Claudia blinked as she tried to decide whether Holland was being patronising, or didn’t know music well enough to realise that Claudia hadn’t been playing very proficiently, or - like Claudia herself - didn’t care about perfectionism and had enjoyed the sounds regardless of their inaccuracy. She decided that questioning the compliment would be churlish, so she took it, heedless of its sincerity, and considered the question that had been posed, instead. She thought it was probably more likely that Holland was asking about when Claudia had started learning the instrument, rather than how long she had been playing during that sitting, despite the semantics of the question better lending themselves to the latter scenario. The second year much preferred it when people used less ambiguous language.
“A few years,” Claudia replied, raising and lowering her shoulders a little in the slightest of shrugs. Her pale peach dress had short sleeves, so Claudia had draped a champagne-coloured pashmina over her shoulders for extra warmth while she was seated, which became unsettled in the movement and slipped down her back, its ends over her arms preventing it from falling completely to the floor. “I don’t practise much,” Claudia added the excuse that, combined with her purposefully vague answer, would hopefully excuse her unpolished performance if it did transpire that Holland had a real ear for music. She disentangled herself from her shawl, folded it twice into a relatively neat bundle, and let it drop to the floor beside the piano stool.

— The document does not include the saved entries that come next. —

(* Suppose the event $E_{\tau,small}$ described in the context occurs. Let $\kappa_g>0$ be an upper bound for $\{\|g_k\|_2\}$. Then, with $\kappa_d>0$ as in the context, for any $k \geq \bar k_{\tau,\xi}$, \[ \mathbb{E}_k[\bar\alpha_k \bar\tau_k g_k^T (\bar d_k - d_k)] \leq \beta_k^2\, \theta\, \bar\tau_{\min}\, \kappa_g\, \kappa_d \sqrt{M}. \]
   Context: Problem: $\min_{x\in\mathbb{R}^n} f(x)$ s.t. $c(x)=0$, with $f(x)=\mathbb{E}[F(x,\omega)]$, $c:\mathbb{R}^n\to\mathbb{R}^m$ deterministic. Assumptions: there is an open convex set $\mathcal{X}$ containing all iterates and trial points; $f$ is continuously differentiable and bounded below over $\mathcal{X}$, $\nabla f$ is bounded and Lipschitz with constant $L$ over $\mathcal{X}$; $c$ and its Jacobian $J=\nabla c^T$ are bounded over $\mathcal{X}$, each $\nabla c_i$ is Lipschitz with constant $\gamma_i$, $\Gamma:=\sum_{i=1}^m\gamma_i$, and the singular values of $J$ are bounded away from zero over $\mathcal{X}$. The deterministic matrices $H_k\in\mathbb{S}^n$ satisfy $\|H_k\|_2\le\kappa_H$ and $u^TH_ku\ge\zeta\|u\|_2^2$ for all $u$ with $J_ku=0$. Notation: $g_k=\nabla f(x_k)$, $c_k=c(x_k)$, $J_k=\nabla c(x_k)^T$; $\bar g_k$ is a stochastic gradient estimate. Model reduction $\Delta q(x,\tau,g,H,d)=-\tau(g^Td+\tfrac12\max\{d^THd,0\})+\|c(x)\|_1$. Algorithm (stochastic SQP, inputs $\bar\tau_{-1},\bar\xi_{-1}>0$, $\epsilon,\sigma\in(0,1)$, $\{\beta_k\}\subset(0,1]$, $\theta\ge0$, Lipschitz constants $L,\Gamma$): at iteration $k$, solve $\begin{bmatrix}H_k & J_k^T\\ J_k & 0\end{bmatrix}\begin{bmatrix}\bar d_k\\ \bar y_k\end{bmatrix}=-\begin{bmatrix}\bar g_k\\ c_k\end{bmatrix}$. Set $\bar\tau_k^{trial}=\infty$ if $\bar g_k^T\bar d_k+\max\{\bar d_k^TH_k\bar d_k,0\}\le0$, else $(1-\sigma)\|c_k\|_1/(\bar g_k^T\bar d_k+\max\{\bar d_k^TH_k\bar d_k,0\})$; $\bar\tau_k=\bar\tau_{k-1}$ if $\bar\tau_{k-1}\le\bar\tau_k^{trial}$, else $(1-\epsilon)\bar\tau_k^{trial}$. Set $\bar\xi_k^{trial}=\Delta q(x_k,\bar\tau_k,\bar g_k,H_k,\bar d_k)/(\bar\tau_k\|\bar d_k\|_2^2)$, $\bar\xi_k=\bar\xi_{k-1}$ if $\bar\xi_{k-1}\le\bar\xi_k^{trial}$, else $(1-\epsilon)\bar\xi_k^{trial}$. The stepsize $\bar\alpha_k$ is chosen (by projecting candidate values $\beta_k\Delta q(x_k,\bar\tau_k,\bar g_k,H_k,\bar d_k)/((\bar\tau_kL+\Gamma)\|\bar d_k\|_2^2)$ and that value minus $4\|c_k\|_1/((\bar\tau_kL+\Gamma)\|\bar d_k\|_2^2)$, and selecting among them or $1$) so that it always lies in $[\bar\alpha_{k,\min},\bar\alpha_{k,\max}]=[\beta_k\bar\xi_k\bar\tau_k/(\bar\tau_kL+\Gamma),\ \beta_k\bar\xi_k\bar\tau_k/(\bar\tau_kL+\Gamma)+\theta\beta_k^2]$; $x_{k+1}=x_k+\bar\alpha_k\bar d_k$. The deterministic direction $d_k$ solves the same linear system with $g_k$ in place of $\bar g_k$, and $\tau_k^{trial}$ is the trial formula with $(g_k,d_k)$. Event $E_{\tau,small}$: there exist $\bar k_{\tau,\xi}\in\mathbb{N}$, $\bar\tau_{\min}>0$ with $\bar\tau_k=\bar\tau_{\min}\le\tau_k^{trial}$ and $\bar\xi_k=\bar\xi_{\min}$ for all $k\ge\bar k_{\tau,\xi}$; and $\mathbb{E}_k$ denotes expectation conditioned on this event and on the algorithm reaching $x_k$, with $\mathbb{E}_k[\bar g_k]=g_k$, $\mathbb{E}_k[\|\bar g_k-g_k\|_2^2]\le M$. $\kappa_d>0$ is an upper bound (independent of $k$) on the norm of the inverse of $\begin{bmatrix}H_k & J_k^T\\ J_k & 0\end{bmatrix}$, giving $\mathbb{E}_k[\|\bar d_k-d_k\|_2]\le\kappa_d\sqrt M$. *)

theory Defs
  imports "HOL-Analysis.Analysis" "HOL-Probability.Probability"
begin

definition norm1 :: "real ^ 'm \<Rightarrow> real" where
  "norm1 v = (\<Sum>i\<in>UNIV. \<bar>v $ i\<bar>)"

definition model_red :: "real ^ 'm \<Rightarrow> real \<Rightarrow> real ^ 'n \<Rightarrow> real ^ 'n ^ 'n \<Rightarrow> real ^ 'n \<Rightarrow> real" where
  "model_red c tau g H d = - tau * (g \<bullet> d + (1/2) * max (d \<bullet> (H *v d)) 0) + norm1 c"

definition tau_trial :: "real \<Rightarrow> real ^ 'm \<Rightarrow> real ^ 'n \<Rightarrow> real ^ 'n ^ 'n \<Rightarrow> real ^ 'n \<Rightarrow> ereal" where
  "tau_trial sgm c g H d =
     (if g \<bullet> d + max (d \<bullet> (H *v d)) 0 \<le> 0 then \<infinity>
      else ereal ((1 - sgm) * norm1 c / (g \<bullet> d + max (d \<bullet> (H *v d)) 0)))"

end

theory Submission
  imports Defs
begin

text \<open>Subtracting the two KKT systems shows that \<open>dbar - d\<close> is the image of \<open>gbar - g\<close> under a
fixed linear map, and that \<open>\<parallel>dbar - d\<parallel> \<le> kappa_d \<parallel>gbar - g\<parallel>\<close>. Hence \<open>g \<bullet> (dbar - d)\<close> has mean zero
and is bounded by \<open>kappa_g kappa_d \<parallel>gbar - g\<parallel>\<close>. Writing the step size as the deterministic lower end
of its interval plus a part in \<open>[0, theta beta\<^sup>2]\<close>, the first part contributes nothing in expectation,
and the second is controlled by \<open>E \<parallel>gbar - g\<parallel> \<le> sqrt M\<close>.\<close>

definition kkt_op :: "real ^ 'n ^ 'n \<Rightarrow> real ^ 'n ^ 'm \<Rightarrow> (real ^ 'n) \<times> (real ^ 'm) \<Rightarrow> (real ^ 'n) \<times> (real ^ 'm)"
  where "kkt_op H J p = (H *v fst p + transpose J *v snd p, J *v fst p)"

definition kkt_solution :: "real ^ 'n ^ 'n \<Rightarrow> real ^ 'n ^ 'm \<Rightarrow> real ^ 'm \<Rightarrow> real ^ 'n \<Rightarrow> real ^ 'n \<Rightarrow> real ^ 'm \<Rightarrow> bool"
  where "kkt_solution H J c g d y \<longleftrightarrow> H *v d + transpose J *v y = - g \<and> J *v d = - c"

lemma linear_kkt_op: "linear (kkt_op H J)"
  unfolding kkt_op_def linear_iff by (auto simp: algebra_simps)

lemma kkt_op_diff:
  assumes "kkt_solution H J c g1 d1 y1" "kkt_solution H J c g2 d2 y2"
  shows "kkt_op H J (d1 - d2, y1 - y2) = (g2 - g1, 0)"
  using assms unfolding kkt_op_def kkt_solution_def
  by (simp add: matrix_vector_mult_diff_distrib algebra_simps)

lemma kkt_step_diff_le:
  assumes bounded_inv: "\<And>p. norm p \<le> kappa * norm (kkt_op H J p)"
    and "kkt_solution H J c g1 d1 y1" "kkt_solution H J c g2 d2 y2"
  shows "norm (d1 - d2) \<le> kappa * norm (g1 - g2)"
proof -
  have "norm (d1 - d2) \<le> norm (d1 - d2, y1 - y2)"
    by (rule norm_fst_le)
  also have "\<dots> \<le> kappa * norm (g2 - g1, 0 :: real ^ 'm)"
    using bounded_inv[of "(d1 - d2, y1 - y2)"] kkt_op_diff[OF assms(2,3)] by simp
  finally show ?thesis
    by (simp add: norm_Pair norm_minus_commute)
qed

lemma kkt_step_diff_inner_le:
  assumes bounded_inv: "\<And>p. norm p \<le> kappa * norm (kkt_op H J p)"
    and "kkt_solution H J c g1 d1 y1" "kkt_solution H J c g2 d2 y2"
    and "norm v \<le> kappa_v"
  shows "\<bar>v \<bullet> (d1 - d2)\<bar> \<le> kappa_v * kappa * norm (g1 - g2)"
proof -
  have "\<bar>v \<bullet> (d1 - d2)\<bar> \<le> norm v * norm (d1 - d2)"
    by (rule Cauchy_Schwarz_ineq2)
  also have "\<dots> \<le> kappa_v * (kappa * norm (g1 - g2))"
    using assms(4) kkt_step_diff_le[OF assms(1-3)] by (intro mult_mono) (auto intro: order_trans[OF norm_ge_zero])
  finally show ?thesis
    by (simp add: mult.assoc)
qed

lemma linear_inj_if_norm_le:
  assumes "linear f" "\<And>x. norm x \<le> C * norm (f x)"
  shows "inj f"
proof (rule injI)
  fix a b assume "f a = f b"
  then have "f (a - b) = 0"
    using linear_diff[OF \<open>linear f\<close>] by simp
  then show "a = b"
    using assms(2)[of "a - b"] by simp
qed

lemma kkt_step_diff_linear:
  fixes H :: "real ^ 'n ^ 'n" and J :: "real ^ 'n ^ 'm"
  assumes bounded_inv: "\<And>p. norm p \<le> kappa * norm (kkt_op H J p)"
  obtains P :: "real ^ 'n \<Rightarrow> real ^ 'n" where "linear P"
    and "\<And>c g1 d1 y1 g2 d2 y2. kkt_solution H J c g1 d1 y1 \<Longrightarrow> kkt_solution H J c g2 d2 y2 \<Longrightarrow>
           d1 - d2 = P (g1 - g2)"
proof -
  have "inj (kkt_op H J)"
    by (rule linear_inj_if_norm_le[OF linear_kkt_op bounded_inv])
  then obtain K where K: "linear K" "K \<circ> kkt_op H J = id"
    using linear_injective_left_inverse[OF linear_kkt_op] by blast
  let ?P = "\<lambda>w. - fst (K (w, 0 :: real ^ 'm))"
  have "linear ?P"
    using K(1) by (intro linear_compose_neg linear_compose[of "\<lambda>w. (w, 0)" "fst \<circ> K", unfolded o_def]
        linear_compose[of K fst, unfolded o_def] linear_fst) (auto simp: linear_iff)
  moreover have "d1 - d2 = ?P (g1 - g2)"
    if "kkt_solution H J c g1 d1 y1" "kkt_solution H J c g2 d2 y2" for c g1 d1 y1 g2 d2 y2
  proof -
    have "(d1 - d2, y1 - y2) = K (g2 - g1, 0)"
      using kkt_op_diff[OF that] K(2) by (metis comp_apply id_apply)
    also have "\<dots> = - K (g1 - g2, 0)"
      using linear_neg[OF K(1), of "(g1 - g2, 0)"] by simp
    finally show ?thesis
      by (metis fst_conv fst_uminus)
  qed
  ultimately show ?thesis
    by (rule that)
qed

lemma (in prob_space) expectation_le_sqrt_second_moment:
  fixes X :: "'a \<Rightarrow> real"
  assumes "integrable M X" "integrable M (\<lambda>x. (X x)\<^sup>2)"
  shows "expectation X \<le> sqrt (expectation (\<lambda>x. (X x)\<^sup>2))"
  using variance_eq[OF assms] variance_positive[of X] by (intro real_le_rsqrt) linarith

lemma (in prob_space) linear_centered_integrable_mean_zero:
  fixes X :: "'a \<Rightarrow> 'b :: euclidean_space" and T :: "'b \<Rightarrow> real"
  assumes "integrable M X" "linear T"
  shows "integrable M (\<lambda>x. T (X x - expectation X))"
    and "expectation (\<lambda>x. T (X x - expectation X)) = 0"
proof -
  have T: "bounded_linear T"
    using \<open>linear T\<close> linear_conv_bounded_linear by blast
  have centered: "integrable M (\<lambda>x. X x - expectation X)"
    using assms(1) by simp
  show "integrable M (\<lambda>x. T (X x - expectation X))"
    using integrable_bounded_linear[OF T centered] by simp
  have "expectation (\<lambda>x. X x - expectation X) = 0"
    using assms(1) by (simp add: prob_space)
  then show "expectation (\<lambda>x. T (X x - expectation X)) = 0"
    using integral_bounded_linear[OF T centered] linear_0[OF \<open>linear T\<close>] by (simp add: o_def)
qed

lemma (in prob_space) kkt_step_error_inner_mean_zero:
  fixes H :: "real ^ 'n ^ 'n" and J :: "real ^ 'n ^ 'm"
  assumes bounded_inv: "\<And>p. norm p \<le> kappa * norm (kkt_op H J p)"
    and "integrable M gbar"
    and "\<And>x. kkt_solution H J c (gbar x) (dbar x) (ybar x)"
    and "kkt_solution H J c (expectation gbar) d y"
  shows "integrable M (\<lambda>x. v \<bullet> (dbar x - d))"
    and "expectation (\<lambda>x. v \<bullet> (dbar x - d)) = 0"
proof -
  obtain P where "linear P" and P: "\<And>x. dbar x - d = P (gbar x - expectation gbar)"
    using kkt_step_diff_linear[OF bounded_inv] assms(3,4) by metis
  have "linear (\<lambda>w. v \<bullet> P w)"
    using \<open>linear P\<close> unfolding linear_iff by (simp add: inner_add_right)
  from linear_centered_integrable_mean_zero[OF assms(2) this]
  show "integrable M (\<lambda>x. v \<bullet> (dbar x - d))" "expectation (\<lambda>x. v \<bullet> (dbar x - d)) = 0"
    by (simp_all add: P)
qed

Having not expected company, Claudia wasn’t sure whether she should continue playing, or forge ahead with conversation. She didn’t know Holland well, but did not object to them. Although she hadn’t really been done playing, she didn’t especially want to continue playing while Holland was there without knowing whether the original compliment had been genuine or not. It was a conundrum. “Do you play?” she asked, deciding that was a question that could potentially provide an answer to her musings, as well as being a relevant, polite contribution to the conversation she may or may not be having.